---------- Materials provided

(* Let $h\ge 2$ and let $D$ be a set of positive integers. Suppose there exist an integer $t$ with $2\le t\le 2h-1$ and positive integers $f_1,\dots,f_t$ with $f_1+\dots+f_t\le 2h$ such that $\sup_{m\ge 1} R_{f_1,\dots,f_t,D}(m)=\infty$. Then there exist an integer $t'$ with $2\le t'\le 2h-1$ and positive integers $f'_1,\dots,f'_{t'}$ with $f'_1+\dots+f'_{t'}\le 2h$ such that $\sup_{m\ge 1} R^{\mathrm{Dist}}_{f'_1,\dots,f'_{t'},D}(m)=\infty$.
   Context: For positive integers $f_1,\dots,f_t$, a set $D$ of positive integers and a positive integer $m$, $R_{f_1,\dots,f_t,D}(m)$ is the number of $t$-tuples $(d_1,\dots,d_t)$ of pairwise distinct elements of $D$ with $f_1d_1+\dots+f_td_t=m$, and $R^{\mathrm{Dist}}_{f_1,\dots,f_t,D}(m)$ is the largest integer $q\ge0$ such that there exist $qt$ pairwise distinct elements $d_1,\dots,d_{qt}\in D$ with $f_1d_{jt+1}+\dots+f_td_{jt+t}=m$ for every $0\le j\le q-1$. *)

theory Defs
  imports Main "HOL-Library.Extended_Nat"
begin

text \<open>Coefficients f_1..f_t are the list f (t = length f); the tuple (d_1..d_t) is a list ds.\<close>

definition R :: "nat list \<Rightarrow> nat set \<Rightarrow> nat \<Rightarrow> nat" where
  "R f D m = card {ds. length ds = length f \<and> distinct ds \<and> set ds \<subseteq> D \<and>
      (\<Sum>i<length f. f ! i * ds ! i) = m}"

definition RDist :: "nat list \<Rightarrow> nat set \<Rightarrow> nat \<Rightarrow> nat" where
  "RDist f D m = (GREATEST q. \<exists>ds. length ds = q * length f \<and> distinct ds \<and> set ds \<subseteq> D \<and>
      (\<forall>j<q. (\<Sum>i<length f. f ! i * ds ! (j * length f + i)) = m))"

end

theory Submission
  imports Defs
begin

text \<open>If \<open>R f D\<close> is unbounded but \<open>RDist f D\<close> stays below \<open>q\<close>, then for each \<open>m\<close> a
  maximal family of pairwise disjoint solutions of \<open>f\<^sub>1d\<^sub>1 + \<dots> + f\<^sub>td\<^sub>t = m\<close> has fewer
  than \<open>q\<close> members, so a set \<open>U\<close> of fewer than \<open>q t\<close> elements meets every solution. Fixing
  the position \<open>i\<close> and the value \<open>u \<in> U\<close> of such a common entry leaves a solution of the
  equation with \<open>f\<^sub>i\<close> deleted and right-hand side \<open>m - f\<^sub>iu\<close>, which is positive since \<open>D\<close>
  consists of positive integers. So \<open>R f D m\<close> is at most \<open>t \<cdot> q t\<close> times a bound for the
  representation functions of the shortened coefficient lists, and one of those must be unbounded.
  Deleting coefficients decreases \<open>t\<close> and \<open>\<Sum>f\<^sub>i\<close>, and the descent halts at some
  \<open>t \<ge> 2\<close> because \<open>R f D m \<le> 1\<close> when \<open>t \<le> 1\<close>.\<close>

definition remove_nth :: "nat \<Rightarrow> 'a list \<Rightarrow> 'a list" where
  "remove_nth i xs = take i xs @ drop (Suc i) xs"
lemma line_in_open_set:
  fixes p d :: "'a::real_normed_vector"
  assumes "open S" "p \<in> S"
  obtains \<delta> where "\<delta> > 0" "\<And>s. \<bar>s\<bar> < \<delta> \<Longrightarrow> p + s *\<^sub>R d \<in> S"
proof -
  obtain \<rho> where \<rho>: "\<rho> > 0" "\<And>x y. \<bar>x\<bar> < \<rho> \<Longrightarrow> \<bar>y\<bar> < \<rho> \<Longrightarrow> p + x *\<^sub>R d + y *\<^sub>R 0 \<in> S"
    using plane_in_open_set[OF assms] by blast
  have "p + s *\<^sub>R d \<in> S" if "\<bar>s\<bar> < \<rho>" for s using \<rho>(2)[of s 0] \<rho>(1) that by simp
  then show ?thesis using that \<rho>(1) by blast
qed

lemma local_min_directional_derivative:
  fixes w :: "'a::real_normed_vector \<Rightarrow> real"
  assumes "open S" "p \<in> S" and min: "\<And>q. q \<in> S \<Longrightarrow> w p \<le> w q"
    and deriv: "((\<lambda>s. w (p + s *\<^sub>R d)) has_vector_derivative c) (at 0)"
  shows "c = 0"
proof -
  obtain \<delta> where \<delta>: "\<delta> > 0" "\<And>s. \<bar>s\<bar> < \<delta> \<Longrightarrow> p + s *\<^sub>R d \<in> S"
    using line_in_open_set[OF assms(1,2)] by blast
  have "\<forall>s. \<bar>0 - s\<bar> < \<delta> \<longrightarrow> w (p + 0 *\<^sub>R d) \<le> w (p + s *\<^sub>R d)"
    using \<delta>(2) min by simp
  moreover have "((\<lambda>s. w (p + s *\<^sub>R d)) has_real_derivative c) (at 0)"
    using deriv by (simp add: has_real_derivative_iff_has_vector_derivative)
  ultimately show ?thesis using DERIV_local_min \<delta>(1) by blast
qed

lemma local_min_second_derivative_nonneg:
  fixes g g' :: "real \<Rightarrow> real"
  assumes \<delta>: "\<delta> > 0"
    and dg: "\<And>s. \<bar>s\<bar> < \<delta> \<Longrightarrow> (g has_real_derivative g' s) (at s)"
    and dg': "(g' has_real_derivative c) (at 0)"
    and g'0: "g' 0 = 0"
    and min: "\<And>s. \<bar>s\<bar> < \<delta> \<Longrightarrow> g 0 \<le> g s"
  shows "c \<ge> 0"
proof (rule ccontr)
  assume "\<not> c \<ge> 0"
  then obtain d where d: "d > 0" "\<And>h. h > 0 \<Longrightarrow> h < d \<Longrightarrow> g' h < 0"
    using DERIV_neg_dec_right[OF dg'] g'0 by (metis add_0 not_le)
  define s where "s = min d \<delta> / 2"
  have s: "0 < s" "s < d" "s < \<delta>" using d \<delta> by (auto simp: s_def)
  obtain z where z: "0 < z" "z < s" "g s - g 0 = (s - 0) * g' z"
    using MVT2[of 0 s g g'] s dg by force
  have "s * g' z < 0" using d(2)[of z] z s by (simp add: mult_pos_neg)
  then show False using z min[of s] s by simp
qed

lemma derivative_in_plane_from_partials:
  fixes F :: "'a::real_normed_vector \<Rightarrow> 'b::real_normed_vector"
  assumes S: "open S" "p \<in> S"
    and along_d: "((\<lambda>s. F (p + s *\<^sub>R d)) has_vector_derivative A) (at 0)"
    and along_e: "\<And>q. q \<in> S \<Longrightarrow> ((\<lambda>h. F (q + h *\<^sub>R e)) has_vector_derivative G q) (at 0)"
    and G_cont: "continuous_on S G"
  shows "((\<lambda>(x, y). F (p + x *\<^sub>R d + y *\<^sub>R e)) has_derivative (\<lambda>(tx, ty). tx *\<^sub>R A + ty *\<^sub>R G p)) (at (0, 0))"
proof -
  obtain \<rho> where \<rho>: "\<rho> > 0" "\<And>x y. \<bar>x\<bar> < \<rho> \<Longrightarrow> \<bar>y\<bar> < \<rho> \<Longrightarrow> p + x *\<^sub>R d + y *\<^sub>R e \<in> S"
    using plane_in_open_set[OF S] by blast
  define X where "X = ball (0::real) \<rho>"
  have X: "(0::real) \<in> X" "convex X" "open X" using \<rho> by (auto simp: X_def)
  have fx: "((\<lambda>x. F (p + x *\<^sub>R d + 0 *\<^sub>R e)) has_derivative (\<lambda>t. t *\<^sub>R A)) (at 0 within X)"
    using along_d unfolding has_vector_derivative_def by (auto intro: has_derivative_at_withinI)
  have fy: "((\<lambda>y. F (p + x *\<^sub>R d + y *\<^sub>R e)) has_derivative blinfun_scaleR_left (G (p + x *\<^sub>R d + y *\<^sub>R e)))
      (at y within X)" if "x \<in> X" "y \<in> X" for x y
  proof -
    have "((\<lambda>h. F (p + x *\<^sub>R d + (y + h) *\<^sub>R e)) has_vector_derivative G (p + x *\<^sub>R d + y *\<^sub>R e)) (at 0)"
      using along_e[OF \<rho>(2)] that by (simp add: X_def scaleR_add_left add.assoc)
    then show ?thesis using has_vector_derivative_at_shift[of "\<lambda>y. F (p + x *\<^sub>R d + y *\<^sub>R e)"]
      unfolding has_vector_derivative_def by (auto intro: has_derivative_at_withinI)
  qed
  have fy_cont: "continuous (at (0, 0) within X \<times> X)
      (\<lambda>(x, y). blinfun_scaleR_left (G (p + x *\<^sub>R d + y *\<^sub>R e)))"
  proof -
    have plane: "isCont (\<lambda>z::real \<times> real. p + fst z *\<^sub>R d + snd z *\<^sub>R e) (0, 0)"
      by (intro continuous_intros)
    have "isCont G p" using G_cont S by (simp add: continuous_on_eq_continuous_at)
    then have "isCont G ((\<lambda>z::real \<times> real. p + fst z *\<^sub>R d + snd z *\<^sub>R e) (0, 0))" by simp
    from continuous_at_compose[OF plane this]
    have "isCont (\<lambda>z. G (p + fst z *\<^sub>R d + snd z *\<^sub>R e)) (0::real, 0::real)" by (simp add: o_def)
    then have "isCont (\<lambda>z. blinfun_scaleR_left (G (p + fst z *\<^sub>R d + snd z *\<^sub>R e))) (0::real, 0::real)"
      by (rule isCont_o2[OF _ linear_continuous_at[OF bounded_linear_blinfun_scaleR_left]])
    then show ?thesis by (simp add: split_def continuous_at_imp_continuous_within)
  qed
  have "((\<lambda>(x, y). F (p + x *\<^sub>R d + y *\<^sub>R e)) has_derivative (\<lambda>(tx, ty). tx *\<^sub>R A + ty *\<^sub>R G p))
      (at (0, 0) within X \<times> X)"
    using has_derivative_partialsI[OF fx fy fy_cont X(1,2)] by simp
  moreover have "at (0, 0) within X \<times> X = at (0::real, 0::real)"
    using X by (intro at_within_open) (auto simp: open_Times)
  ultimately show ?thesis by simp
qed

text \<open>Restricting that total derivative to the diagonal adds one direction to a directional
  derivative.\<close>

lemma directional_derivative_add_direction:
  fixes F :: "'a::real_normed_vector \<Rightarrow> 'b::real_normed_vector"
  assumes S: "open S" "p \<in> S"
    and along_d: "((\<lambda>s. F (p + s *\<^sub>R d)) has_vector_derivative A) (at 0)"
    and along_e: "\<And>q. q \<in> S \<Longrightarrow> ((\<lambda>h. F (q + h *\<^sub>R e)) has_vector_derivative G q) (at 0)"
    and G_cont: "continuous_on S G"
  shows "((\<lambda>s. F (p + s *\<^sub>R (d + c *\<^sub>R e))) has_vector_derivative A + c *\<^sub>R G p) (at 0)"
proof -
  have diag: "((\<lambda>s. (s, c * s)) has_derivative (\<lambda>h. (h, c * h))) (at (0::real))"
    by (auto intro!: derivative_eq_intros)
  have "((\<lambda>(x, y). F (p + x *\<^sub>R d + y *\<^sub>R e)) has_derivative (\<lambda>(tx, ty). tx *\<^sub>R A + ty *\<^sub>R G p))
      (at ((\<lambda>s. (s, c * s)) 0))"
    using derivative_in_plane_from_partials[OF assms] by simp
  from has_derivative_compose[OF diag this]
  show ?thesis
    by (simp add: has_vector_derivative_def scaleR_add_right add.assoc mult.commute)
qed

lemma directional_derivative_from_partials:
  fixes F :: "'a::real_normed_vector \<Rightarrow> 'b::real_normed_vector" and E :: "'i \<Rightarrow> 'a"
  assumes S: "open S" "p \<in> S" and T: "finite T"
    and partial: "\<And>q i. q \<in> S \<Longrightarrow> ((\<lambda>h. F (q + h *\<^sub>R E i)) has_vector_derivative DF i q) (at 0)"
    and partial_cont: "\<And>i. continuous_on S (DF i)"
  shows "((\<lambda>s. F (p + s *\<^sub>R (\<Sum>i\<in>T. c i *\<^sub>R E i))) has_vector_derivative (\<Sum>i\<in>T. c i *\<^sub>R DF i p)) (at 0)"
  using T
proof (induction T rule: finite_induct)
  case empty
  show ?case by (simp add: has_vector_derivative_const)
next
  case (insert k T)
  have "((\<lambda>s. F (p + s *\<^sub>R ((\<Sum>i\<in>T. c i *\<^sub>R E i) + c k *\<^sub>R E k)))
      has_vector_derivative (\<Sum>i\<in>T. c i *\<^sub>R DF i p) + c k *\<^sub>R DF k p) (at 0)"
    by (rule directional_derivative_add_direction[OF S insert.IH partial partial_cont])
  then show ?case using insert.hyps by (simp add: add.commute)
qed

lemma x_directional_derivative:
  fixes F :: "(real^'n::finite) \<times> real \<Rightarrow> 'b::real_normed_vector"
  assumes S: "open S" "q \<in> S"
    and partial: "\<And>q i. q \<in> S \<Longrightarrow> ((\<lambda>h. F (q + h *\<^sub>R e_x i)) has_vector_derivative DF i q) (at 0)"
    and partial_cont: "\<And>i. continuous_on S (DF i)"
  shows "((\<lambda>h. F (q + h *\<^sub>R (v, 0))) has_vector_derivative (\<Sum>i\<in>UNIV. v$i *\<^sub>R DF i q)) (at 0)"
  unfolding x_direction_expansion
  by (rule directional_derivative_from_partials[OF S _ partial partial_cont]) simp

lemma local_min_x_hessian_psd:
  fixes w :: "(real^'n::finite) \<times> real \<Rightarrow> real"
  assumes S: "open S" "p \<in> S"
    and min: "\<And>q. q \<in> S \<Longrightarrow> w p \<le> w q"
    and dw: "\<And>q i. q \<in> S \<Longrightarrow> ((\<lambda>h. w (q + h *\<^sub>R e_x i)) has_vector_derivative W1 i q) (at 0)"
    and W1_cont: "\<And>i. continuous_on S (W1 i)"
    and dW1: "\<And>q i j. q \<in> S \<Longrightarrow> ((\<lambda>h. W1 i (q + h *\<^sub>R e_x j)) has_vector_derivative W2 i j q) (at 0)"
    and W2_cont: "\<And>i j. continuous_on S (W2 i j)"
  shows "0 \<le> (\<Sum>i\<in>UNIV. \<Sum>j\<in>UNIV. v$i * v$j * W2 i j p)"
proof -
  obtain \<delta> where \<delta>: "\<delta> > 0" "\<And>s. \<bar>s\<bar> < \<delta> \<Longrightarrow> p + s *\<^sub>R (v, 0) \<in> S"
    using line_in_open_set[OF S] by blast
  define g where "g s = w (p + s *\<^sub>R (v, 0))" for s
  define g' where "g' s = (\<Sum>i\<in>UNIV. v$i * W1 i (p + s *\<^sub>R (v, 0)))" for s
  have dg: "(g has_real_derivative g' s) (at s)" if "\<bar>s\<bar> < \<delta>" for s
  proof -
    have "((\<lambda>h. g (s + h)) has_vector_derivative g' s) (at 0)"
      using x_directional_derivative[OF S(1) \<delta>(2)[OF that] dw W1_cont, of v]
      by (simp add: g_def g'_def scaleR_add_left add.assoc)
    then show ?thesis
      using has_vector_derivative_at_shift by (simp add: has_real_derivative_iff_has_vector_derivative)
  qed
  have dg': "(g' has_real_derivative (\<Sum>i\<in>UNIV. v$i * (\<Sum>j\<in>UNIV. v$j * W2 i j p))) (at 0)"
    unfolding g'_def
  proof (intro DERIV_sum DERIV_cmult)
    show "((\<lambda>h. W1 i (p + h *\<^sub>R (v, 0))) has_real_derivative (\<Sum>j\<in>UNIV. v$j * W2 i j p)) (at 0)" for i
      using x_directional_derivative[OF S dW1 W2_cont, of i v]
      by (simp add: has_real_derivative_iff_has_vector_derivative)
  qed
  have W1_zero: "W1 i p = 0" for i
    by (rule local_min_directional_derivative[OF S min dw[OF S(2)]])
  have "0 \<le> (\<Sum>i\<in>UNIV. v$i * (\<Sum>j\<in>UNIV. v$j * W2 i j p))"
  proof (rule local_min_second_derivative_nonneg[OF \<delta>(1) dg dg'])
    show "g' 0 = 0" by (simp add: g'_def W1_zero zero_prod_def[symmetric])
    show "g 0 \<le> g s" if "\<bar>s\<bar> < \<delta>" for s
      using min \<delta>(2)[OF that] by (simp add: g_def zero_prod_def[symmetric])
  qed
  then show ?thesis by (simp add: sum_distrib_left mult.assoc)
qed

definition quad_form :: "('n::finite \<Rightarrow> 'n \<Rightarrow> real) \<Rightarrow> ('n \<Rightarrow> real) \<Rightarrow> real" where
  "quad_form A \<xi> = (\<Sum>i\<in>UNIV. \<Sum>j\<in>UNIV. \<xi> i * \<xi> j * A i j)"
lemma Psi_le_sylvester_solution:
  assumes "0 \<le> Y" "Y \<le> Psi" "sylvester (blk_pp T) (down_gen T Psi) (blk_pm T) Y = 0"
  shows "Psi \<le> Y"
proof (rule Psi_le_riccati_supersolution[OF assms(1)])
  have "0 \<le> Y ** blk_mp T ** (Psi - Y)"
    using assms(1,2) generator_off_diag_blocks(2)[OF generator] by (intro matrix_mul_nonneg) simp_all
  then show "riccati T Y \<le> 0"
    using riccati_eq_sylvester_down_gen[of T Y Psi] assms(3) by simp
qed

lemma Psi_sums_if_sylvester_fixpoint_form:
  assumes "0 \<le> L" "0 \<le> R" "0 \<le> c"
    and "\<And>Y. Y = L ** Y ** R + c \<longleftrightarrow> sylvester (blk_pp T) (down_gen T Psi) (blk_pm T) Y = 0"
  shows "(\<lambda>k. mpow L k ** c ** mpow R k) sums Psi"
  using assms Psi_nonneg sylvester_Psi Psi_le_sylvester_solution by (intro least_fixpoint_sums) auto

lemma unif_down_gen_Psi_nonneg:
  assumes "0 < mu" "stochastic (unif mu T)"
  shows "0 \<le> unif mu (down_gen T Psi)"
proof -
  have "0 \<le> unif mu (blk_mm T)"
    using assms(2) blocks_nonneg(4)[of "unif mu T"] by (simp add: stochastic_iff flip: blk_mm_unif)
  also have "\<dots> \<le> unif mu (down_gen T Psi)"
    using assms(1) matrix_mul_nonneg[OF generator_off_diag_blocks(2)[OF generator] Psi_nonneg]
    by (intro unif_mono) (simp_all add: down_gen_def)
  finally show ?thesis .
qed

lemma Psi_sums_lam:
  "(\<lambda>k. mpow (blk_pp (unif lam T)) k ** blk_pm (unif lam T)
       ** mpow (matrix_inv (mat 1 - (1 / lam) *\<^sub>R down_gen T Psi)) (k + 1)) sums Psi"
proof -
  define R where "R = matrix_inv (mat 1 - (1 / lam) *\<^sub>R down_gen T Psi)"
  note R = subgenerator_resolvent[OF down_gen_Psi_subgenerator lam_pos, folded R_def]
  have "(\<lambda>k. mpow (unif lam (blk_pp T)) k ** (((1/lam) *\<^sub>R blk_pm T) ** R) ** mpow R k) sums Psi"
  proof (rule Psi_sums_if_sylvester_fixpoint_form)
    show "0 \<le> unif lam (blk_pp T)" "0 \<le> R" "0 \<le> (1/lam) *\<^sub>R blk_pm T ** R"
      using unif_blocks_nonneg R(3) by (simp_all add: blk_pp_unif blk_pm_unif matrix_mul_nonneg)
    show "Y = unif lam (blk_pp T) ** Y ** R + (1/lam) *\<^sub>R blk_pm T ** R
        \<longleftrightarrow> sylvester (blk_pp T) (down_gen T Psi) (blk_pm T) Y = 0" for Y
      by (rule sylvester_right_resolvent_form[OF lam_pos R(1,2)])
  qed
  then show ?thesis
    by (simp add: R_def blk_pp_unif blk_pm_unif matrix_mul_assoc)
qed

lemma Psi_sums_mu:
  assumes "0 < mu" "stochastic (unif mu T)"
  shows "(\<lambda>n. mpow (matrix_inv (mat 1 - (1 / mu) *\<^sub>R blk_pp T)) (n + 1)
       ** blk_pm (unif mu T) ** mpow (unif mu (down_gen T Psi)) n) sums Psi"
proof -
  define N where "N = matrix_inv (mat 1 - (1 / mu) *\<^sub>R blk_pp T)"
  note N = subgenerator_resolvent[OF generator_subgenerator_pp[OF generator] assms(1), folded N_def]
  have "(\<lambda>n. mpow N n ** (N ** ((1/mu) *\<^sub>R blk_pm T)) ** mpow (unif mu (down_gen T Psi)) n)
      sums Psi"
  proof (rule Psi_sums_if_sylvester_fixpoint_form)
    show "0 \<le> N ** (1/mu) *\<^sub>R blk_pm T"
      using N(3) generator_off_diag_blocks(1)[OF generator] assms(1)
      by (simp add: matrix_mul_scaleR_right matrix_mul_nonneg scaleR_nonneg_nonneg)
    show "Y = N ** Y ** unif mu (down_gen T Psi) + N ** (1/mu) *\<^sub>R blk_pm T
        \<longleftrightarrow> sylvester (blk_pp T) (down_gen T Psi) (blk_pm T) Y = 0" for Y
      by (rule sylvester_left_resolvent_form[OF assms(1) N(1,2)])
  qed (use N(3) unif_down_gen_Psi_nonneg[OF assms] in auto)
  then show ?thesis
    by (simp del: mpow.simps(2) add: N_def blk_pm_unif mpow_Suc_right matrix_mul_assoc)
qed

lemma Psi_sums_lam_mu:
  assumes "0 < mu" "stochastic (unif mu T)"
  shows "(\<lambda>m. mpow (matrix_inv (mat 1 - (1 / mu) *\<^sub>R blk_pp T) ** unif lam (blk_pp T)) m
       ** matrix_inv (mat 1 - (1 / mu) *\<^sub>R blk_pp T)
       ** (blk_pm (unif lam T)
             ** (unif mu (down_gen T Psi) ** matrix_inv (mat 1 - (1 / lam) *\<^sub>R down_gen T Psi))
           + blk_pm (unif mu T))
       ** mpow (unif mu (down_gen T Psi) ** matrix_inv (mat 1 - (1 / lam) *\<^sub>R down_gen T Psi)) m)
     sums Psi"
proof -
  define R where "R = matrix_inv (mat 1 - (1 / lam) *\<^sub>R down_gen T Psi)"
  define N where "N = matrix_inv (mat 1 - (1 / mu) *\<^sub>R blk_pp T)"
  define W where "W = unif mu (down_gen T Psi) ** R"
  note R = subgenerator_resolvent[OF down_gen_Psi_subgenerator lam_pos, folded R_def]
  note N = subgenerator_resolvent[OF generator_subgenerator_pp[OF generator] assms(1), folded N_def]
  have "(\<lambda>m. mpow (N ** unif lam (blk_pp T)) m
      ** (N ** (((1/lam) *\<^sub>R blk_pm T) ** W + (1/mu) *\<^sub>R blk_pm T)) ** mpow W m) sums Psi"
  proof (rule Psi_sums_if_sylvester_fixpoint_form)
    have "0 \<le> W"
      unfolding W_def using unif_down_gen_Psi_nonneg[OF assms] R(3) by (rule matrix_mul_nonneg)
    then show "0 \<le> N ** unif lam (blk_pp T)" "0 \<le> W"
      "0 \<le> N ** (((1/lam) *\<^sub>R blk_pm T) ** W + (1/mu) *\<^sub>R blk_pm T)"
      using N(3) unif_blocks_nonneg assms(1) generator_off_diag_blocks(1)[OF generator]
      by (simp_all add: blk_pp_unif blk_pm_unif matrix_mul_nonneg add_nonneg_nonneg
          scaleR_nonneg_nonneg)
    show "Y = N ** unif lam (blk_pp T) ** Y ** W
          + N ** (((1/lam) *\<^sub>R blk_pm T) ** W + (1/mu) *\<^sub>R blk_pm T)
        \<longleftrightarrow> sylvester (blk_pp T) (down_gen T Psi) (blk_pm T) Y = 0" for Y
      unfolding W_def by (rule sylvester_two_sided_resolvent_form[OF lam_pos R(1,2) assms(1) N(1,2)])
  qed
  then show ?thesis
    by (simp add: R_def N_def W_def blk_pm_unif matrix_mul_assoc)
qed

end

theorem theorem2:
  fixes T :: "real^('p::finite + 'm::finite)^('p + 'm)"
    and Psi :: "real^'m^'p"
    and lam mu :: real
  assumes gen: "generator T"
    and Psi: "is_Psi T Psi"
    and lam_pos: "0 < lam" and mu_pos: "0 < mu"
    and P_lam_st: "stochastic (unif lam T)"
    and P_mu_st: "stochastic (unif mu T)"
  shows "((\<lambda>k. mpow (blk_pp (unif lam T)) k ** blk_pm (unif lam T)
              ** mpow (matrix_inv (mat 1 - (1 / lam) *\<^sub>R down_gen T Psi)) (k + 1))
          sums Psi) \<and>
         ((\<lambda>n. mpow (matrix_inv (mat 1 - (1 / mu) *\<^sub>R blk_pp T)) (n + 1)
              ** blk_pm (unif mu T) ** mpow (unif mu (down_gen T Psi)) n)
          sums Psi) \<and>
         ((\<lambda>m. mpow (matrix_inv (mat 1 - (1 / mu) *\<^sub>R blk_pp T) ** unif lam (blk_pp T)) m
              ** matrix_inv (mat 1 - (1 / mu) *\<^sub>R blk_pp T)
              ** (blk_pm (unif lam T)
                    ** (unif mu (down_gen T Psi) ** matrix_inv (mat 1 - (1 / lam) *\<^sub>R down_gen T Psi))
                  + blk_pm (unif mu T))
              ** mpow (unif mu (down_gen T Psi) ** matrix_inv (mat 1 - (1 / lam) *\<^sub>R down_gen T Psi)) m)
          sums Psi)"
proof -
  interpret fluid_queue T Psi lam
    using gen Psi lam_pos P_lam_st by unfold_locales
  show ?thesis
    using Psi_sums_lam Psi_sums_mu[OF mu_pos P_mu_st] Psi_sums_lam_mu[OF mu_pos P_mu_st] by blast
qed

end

--------------------

**What the exercise asks**
Within the listing above, the range opens at the line with "proof (rule ccontr)" and closes at the line with "using along_d unfolding". Reproduce exactly the lines of that range, including both ends.

**Answer for the task**
proof (rule ccontr)
  assume "\<not> c \<ge> 0"
  then obtain d where d: "d > 0" "\<And>h. h > 0 \<Longrightarrow> h < d \<Longrightarrow> g' h < 0"
    using DERIV_neg_dec_right[OF dg'] g'0 by (metis add_0 not_le)
  define s where "s = min d \<delta> / 2"
  have s: "0 < s" "s < d" "s < \<delta>" using d \<delta> by (auto simp: s_def)
  obtain z where z: "0 < z" "z < s" "g s - g 0 = (s - 0) * g' z"
    using MVT2[of 0 s g g'] s dg by force
  have "s * g' z < 0" using d(2)[of z] z s by (simp add: mult_pos_neg)
  then show False using z min[of s] s by simp
qed

lemma derivative_in_plane_from_partials:
  fixes F :: "'a::real_normed_vector \<Rightarrow> 'b::real_normed_vector"
  assumes S: "open S" "p \<in> S"
    and along_d: "((\<lambda>s. F (p + s *\<^sub>R d)) has_vector_derivative A) (at 0)"
    and along_e: "\<And>q. q \<in> S \<Longrightarrow> ((\<lambda>h. F (q + h *\<^sub>R e)) has_vector_derivative G q) (at 0)"
    and G_cont: "continuous_on S G"
  shows "((\<lambda>(x, y). F (p + x *\<^sub>R d + y *\<^sub>R e)) has_derivative (\<lambda>(tx, ty). tx *\<^sub>R A + ty *\<^sub>R G p)) (at (0, 0))"
proof -
  obtain \<rho> where \<rho>: "\<rho> > 0" "\<And>x y. \<bar>x\<bar> < \<rho> \<Longrightarrow> \<bar>y\<bar> < \<rho> \<Longrightarrow> p + x *\<^sub>R d + y *\<^sub>R e \<in> S"
    using plane_in_open_set[OF S] by blast
  define X where "X = ball (0::real) \<rho>"
  have X: "(0::real) \<in> X" "convex X" "open X" using \<rho> by (auto simp: X_def)
  have fx: "((\<lambda>x. F (p + x *\<^sub>R d + 0 *\<^sub>R e)) has_derivative (\<lambda>t. t *\<^sub>R A)) (at 0 within X)"
    using along_d unfolding has_vector_derivative_def by (auto intro: has_derivative_at_withinI)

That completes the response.